(Beginning of Material provided)

(* Let $n\ge2$ be an integer and $\alpha\in\mathbb{R}$. Let $x_1,\dots,x_n\in\mathbb{R}$ be pairwise distinct and non-zero with $1+x_jx_k>0$ for all $j,k$. Let $A := (1+x_jx_k)_{j,k=1}^n$ and $B := \mathbf{1}_{n\times n}$ (the all-ones matrix). Then \[ (\lambda A + (1-\lambda)B)^{\circ\alpha} \leq \lambda A^{\circ\alpha} + (1-\lambda)B^{\circ\alpha} \quad\text{for all } \lambda\in[0,1] \] (in the Loewner order) if and only if $\alpha\in\mathbb{Z}^{\ge0}\cup[n,\infty)$.
   Context: For a matrix $M$ with positive entries, $M^{\circ\alpha}$ denotes the entrywise power $(m_{jk}^\alpha)$. The Loewner order on real symmetric $n\times n$ matrices: $M\le N$ iff $N-M$ is positive semidefinite. *)

theory Defs
  imports "HOL-Analysis.Analysis"
begin

definition entrywise_powr :: "real^'n^'m \<Rightarrow> real \<Rightarrow> real^'n^'m" where
  "entrywise_powr M a = (\<chi> j k. (M $ j $ k) powr a)"

definition psd :: "real^'n^'n \<Rightarrow> bool" where
  "psd M \<longleftrightarrow> (\<forall>v. 0 \<le> v \<bullet> (M *v v))"

definition loewner_le :: "real^'n^'n \<Rightarrow> real^'n^'n \<Rightarrow> bool" where
  "loewner_le M N \<longleftrightarrow> psd (N - M)"

end

theory Submission
  imports Defs
begin

text \<open>For \<open>0 \<le> t \<le> 1\<close> the matrix \<open>t A\<^sup>\<circ>\<^sup>\<alpha> + (1 - t) B\<^sup>\<circ>\<^sup>\<alpha> - (t A + (1 - t) B)\<^sup>\<circ>\<^sup>\<alpha>\<close> has entries
  \<open>g(x\<^sub>j x\<^sub>k)\<close> with \<open>g(u) = t (1 + u)\<^sup>\<alpha> + 1 - t - (1 + t u)\<^sup>\<alpha>\<close>.

  If \<open>\<alpha> = m\<close> is a natural number, the binomial theorem writes \<open>g\<close> as a polynomial with nonnegative
  coefficients, so the matrix is a nonnegative combination of the rank-one matrices
  \<open>x\<^sup>\<circ>\<^sup>i (x\<^sup>\<circ>\<^sup>i)\<^sup>T\<close>. If \<open>\<alpha> \<ge> n\<close>, the function \<open>s \<mapsto> v\<^sup>T (1 + s x x\<^sup>T)\<^sup>\<circ>\<^sup>\<alpha> v\<close> is convex on \<open>[0, 1]\<close>,
  because its second derivative involves \<open>(1 + s x x\<^sup>T)\<^sup>\<circ>\<^sup>(\<^sup>\<alpha>\<^sup>-\<^sup>2\<^sup>)\<close>, which is positive semidefinite
  by the FitzGerald--Horn theorem.

  Conversely, let \<open>\<alpha> \<notin> \<nat>\<close> and \<open>\<alpha> < n\<close>. Dividing by \<open>t\<close> and letting \<open>t \<rightarrow> 0\<close>, it suffices that the
  Taylor remainder matrix \<open>R\<^sub>1\<close> is not positive semidefinite, where
  \<open>R\<^sub>s = ((1 + s x\<^sub>j x\<^sub>k)\<^sup>\<alpha> - 1 - \<alpha> s x\<^sub>j x\<^sub>k)\<close>. For small \<open>s\<close> a Taylor expansion against a vector
  orthogonal to \<open>x\<^sup>\<circ>\<^sup>2, \<dots>, x\<^sup>\<circ>\<^sup>(\<^sup>m\<^sup>-\<^sup>1\<^sup>)\<close> shows that \<open>R\<^sub>s\<close> is not positive semidefinite, and every \<open>R\<^sub>s\<close> is
  nonsingular by a Rolle-type count of the zeros of \<open>\<Sum>\<^sub>k c\<^sub>k (1 + y\<^sub>k t)\<^sup>\<beta>\<close>, \<open>\<beta> \<notin> \<nat>\<close>. By continuity of
  the least eigenvalue, no \<open>R\<^sub>s\<close> with \<open>0 < s \<le> 1\<close> is positive semidefinite.\<close>

subsection \<open>Quadratic forms of matrices indexed by a finite set\<close>

text \<open>A matrix is a function \<open>'a \<Rightarrow> 'a \<Rightarrow> real\<close> restricted to an index set \<open>I\<close>, so that the
  Schur product and FitzGerald--Horn theorems can be proved by induction over \<open>I\<close>.\<close>

definition quad_form :: "'a set \<Rightarrow> ('a \<Rightarrow> 'a \<Rightarrow> real) \<Rightarrow> ('a \<Rightarrow> real) \<Rightarrow> real" where
  "quad_form I M v = (\<Sum>j\<in>I. \<Sum>k\<in>I. v j * M j k * v k)"

definition bilin_form :: "'a set \<Rightarrow> ('a \<Rightarrow> 'a \<Rightarrow> real) \<Rightarrow> ('a \<Rightarrow> real) \<Rightarrow> ('a \<Rightarrow> real) \<Rightarrow> real" where
  "bilin_form I M v w = (\<Sum>j\<in>I. \<Sum>k\<in>I. v j * M j k * w k)"

definition psd_on :: "'a set \<Rightarrow> ('a \<Rightarrow> 'a \<Rightarrow> real) \<Rightarrow> bool" where
  "psd_on I M \<longleftrightarrow> (\<forall>v. 0 \<le> quad_form I M v)"

definition symmetric_on :: "'a set \<Rightarrow> ('a \<Rightarrow> 'a \<Rightarrow> real) \<Rightarrow> bool" where
  "symmetric_on I M \<longleftrightarrow> (\<forall>j\<in>I. \<forall>k\<in>I. M j k = M k j)"

definition kronecker :: "'a \<Rightarrow> 'a \<Rightarrow> real" where
  "kronecker p j = (if j = p then 1 else 0)"

lemma symmetric_onD: "symmetric_on I M \<Longrightarrow> j \<in> I \<Longrightarrow> k \<in> I \<Longrightarrow> M j k = M k j"
  unfolding symmetric_on_def by blast

lemma quad_form_add: "quad_form I (\<lambda>j k. M j k + N j k) v = quad_form I M v + quad_form I N v"
  by (simp add: quad_form_def algebra_simps sum.distrib)

lemma quad_form_diff: "quad_form I (\<lambda>j k. M j k - N j k) v = quad_form I M v - quad_form I N v"
  by (simp add: quad_form_def algebra_simps sum_subtractf)

lemma quad_form_cmult: "quad_form I (\<lambda>j k. c * M j k) v = c * quad_form I M v"
  by (simp add: quad_form_def sum_distrib_left algebra_simps)

lemma quad_form_sum:
  "finite S \<Longrightarrow> quad_form I (\<lambda>j k. \<Sum>m\<in>S. f m j k) v = (\<Sum>m\<in>S. quad_form I (f m) v)"
  by (induction S rule: finite_induct) (simp_all add: quad_form_add, simp add: quad_form_def)

lemma quad_form_scale_vector: "quad_form I M (\<lambda>j. c * v j) = c\<^sup>2 * quad_form I M v"
  by (simp add: quad_form_def sum_distrib_left algebra_simps power2_eq_square)

lemma quad_form_rank_one: "quad_form I (\<lambda>j k. z j * z k) v = (\<Sum>j\<in>I. v j * z j)\<^sup>2"
  by (simp add: quad_form_def power2_eq_square sum_product algebra_simps)

lemma quad_form_hadamard_rank_one:
  "quad_form I (\<lambda>j k. M j k * (z j * z k)) v = quad_form I M (\<lambda>j. v j * z j)"
  by (simp add: quad_form_def algebra_simps)

lemma quad_form_add_vector:
  "quad_form I A (\<lambda>j. v j + w j) = quad_form I A v + bilin_form I A v w + bilin_form I A w v + quad_form I A w"
  by (simp add: quad_form_def bilin_form_def algebra_simps sum.distrib)

lemma bilin_form_cmult_left: "bilin_form I A (\<lambda>j. d * w j) v = d * bilin_form I A w v"
  by (simp add: bilin_form_def sum_distrib_left algebra_simps)

lemma bilin_form_cmult_right: "bilin_form I A v (\<lambda>j. d * w j) = d * bilin_form I A v w"
  by (simp add: bilin_form_def sum_distrib_left algebra_simps)

lemma bilin_form_kronecker_left:
  assumes "finite I" "p \<in> I"
  shows "bilin_form I A (kronecker p) v = (\<Sum>k\<in>I. A p k * v k)"
proof -
  have "bilin_form I A (kronecker p) v = (\<Sum>j\<in>I. if j = p then (\<Sum>k\<in>I. A p k * v k) else 0)"
    unfolding bilin_form_def by (intro sum.cong) (auto simp: kronecker_def)
  thus ?thesis using assms by simp
qed

lemma bilin_form_kronecker_right:
  assumes "finite I" "p \<in> I"
  shows "bilin_form I A v (kronecker p) = (\<Sum>j\<in>I. v j * A j p)"
  using assms
  by (simp add: bilin_form_def kronecker_def if_distrib[of "\<lambda>x. _ * x"] sum.delta' cong: if_cong)

lemma quad_form_kronecker:
  assumes "finite I" "p \<in> I"
  shows "quad_form I A (kronecker p) = A p p"
  using bilin_form_kronecker_left[OF assms, of A "kronecker p"] assms
  by (simp add: quad_form_def bilin_form_def kronecker_def if_distrib[of "\<lambda>x. _ * x"] sum.delta'
      cong: if_cong)

lemma quad_form_add_kronecker:
  assumes "finite I" "p \<in> I" "symmetric_on I A"
  shows "quad_form I A (\<lambda>j. v j + d * kronecker p j)
         = quad_form I A v + 2 * d * (\<Sum>j\<in>I. v j * A j p) + d\<^sup>2 * A p p"
proof -
  have "(\<Sum>k\<in>I. A p k * v k) = (\<Sum>j\<in>I. v j * A j p)"
    using assms by (intro sum.cong) (auto simp: symmetric_on_def mult.commute)
  with assms show ?thesis
    by (simp add: quad_form_add_vector bilin_form_cmult_left bilin_form_cmult_right
        bilin_form_kronecker_left bilin_form_kronecker_right quad_form_scale_vector quad_form_kronecker)
qed

lemma quad_form_insert_zero:
  assumes "p \<notin> I" "\<And>k. k \<in> insert p I \<Longrightarrow> M p k = 0" "\<And>j. j \<in> insert p I \<Longrightarrow> M j p = 0"
  shows "quad_form (insert p I) M v = quad_form I M v"
proof (cases "finite I")
  case True
  with assms show ?thesis by (simp add: quad_form_def)
qed (simp add: quad_form_def)

lemma quad_form_cong:
  "(\<And>j k. j \<in> I \<Longrightarrow> k \<in> I \<Longrightarrow> M j k = N j k) \<Longrightarrow> quad_form I M v = quad_form I N v"
  unfolding quad_form_def by (intro sum.cong) auto

lemma psd_on_add: "psd_on I M \<Longrightarrow> psd_on I N \<Longrightarrow> psd_on I (\<lambda>j k. M j k + N j k)"
  unfolding psd_on_def quad_form_add by (simp add: add_nonneg_nonneg)

lemma psd_on_cmult: "0 \<le> c \<Longrightarrow> psd_on I M \<Longrightarrow> psd_on I (\<lambda>j k. c * M j k)"
  unfolding psd_on_def quad_form_cmult by simp

lemma psd_on_rank_one: "psd_on I (\<lambda>j k. z j * z k)"
  unfolding psd_on_def quad_form_rank_one by simp

lemma psd_on_cong:
  "(\<And>j k. j \<in> I \<Longrightarrow> k \<in> I \<Longrightarrow> M j k = N j k) \<Longrightarrow> psd_on I M \<longleftrightarrow> psd_on I N"
  unfolding psd_on_def using quad_form_cong[of I M N] by metis

lemma psd_on_powr_rank_one:
  assumes "\<And>j. j \<in> I \<Longrightarrow> 0 < u j" "0 < c"
  shows "psd_on I (\<lambda>j k. (c * (u j * u k)) powr \<beta>)"
proof -
  have "psd_on I (\<lambda>j k. c powr \<beta> * (u j powr \<beta> * u k powr \<beta>))"
    by (intro psd_on_cmult psd_on_rank_one) simp
  thus ?thesis using assms by (subst psd_on_cong) (auto simp: powr_mult)
qed

lemma psd_on_insert_zero:
  assumes "p \<notin> I" "psd_on I M"
    and "\<And>k. k \<in> insert p I \<Longrightarrow> M p k = 0" "\<And>k. k \<in> insert p I \<Longrightarrow> M k p = 0"
  shows "psd_on (insert p I) M"
  using assms unfolding psd_on_def by (subst quad_form_insert_zero) auto

lemma psd_on_remove:
  assumes "p \<notin> I" "psd_on (insert p I) M"
  shows "psd_on I M"
  unfolding psd_on_def
proof
  fix v :: "'a \<Rightarrow> real"
  define w where "w j = (if j \<in> I then v j else 0)" for j
  have "quad_form (insert p I) M w = quad_form I M w"
    using assms(1) by (cases "finite I") (simp_all add: quad_form_def w_def)
  also have "\<dots> = quad_form I M v"
    unfolding quad_form_def w_def by (intro sum.cong) auto
  finally show "0 \<le> quad_form I M v"
    using assms(2) unfolding psd_on_def by metis
qed

lemma psd_on_diag_nonneg: "psd_on I M \<Longrightarrow> finite I \<Longrightarrow> p \<in> I \<Longrightarrow> 0 \<le> M p p"
  using quad_form_kronecker[of I p M] unfolding psd_on_def by metis

lemma psd_on_zero_diag_imp_zero:
  assumes "psd_on I A" "symmetric_on I A" "finite I" "p \<in> I" "j \<in> I" "A p p = 0"
  shows "A j p = 0"
proof (rule ccontr)
  assume ne: "A j p \<noteq> 0"
  define d where "d = - (A j j + 1) / (2 * A j p)"
  have "0 \<le> quad_form I A (\<lambda>i. kronecker j i + d * kronecker p i)"
    using assms unfolding psd_on_def by blast
  also have "\<dots> = A j j + 2 * d * (\<Sum>i\<in>I. kronecker j i * A i p)"
    using assms by (simp add: quad_form_add_kronecker quad_form_kronecker)
  also have "(\<Sum>i\<in>I. kronecker j i * A i p) = A j p"
    using assms by (simp add: kronecker_def if_distrib[of "\<lambda>x. x * _"] sum.delta cong: if_cong)
  also have "A j j + 2 * d * A j p = -1"
    using ne by (simp add: d_def field_simps)
  finally show False by simp
qed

(End of Material provided)

• What you need to do: Each line in the data that holds the string "finally" needs to be copied.

• Solution to this task:
  finally show "0 \<le> quad_form I M v"
  finally show False by simp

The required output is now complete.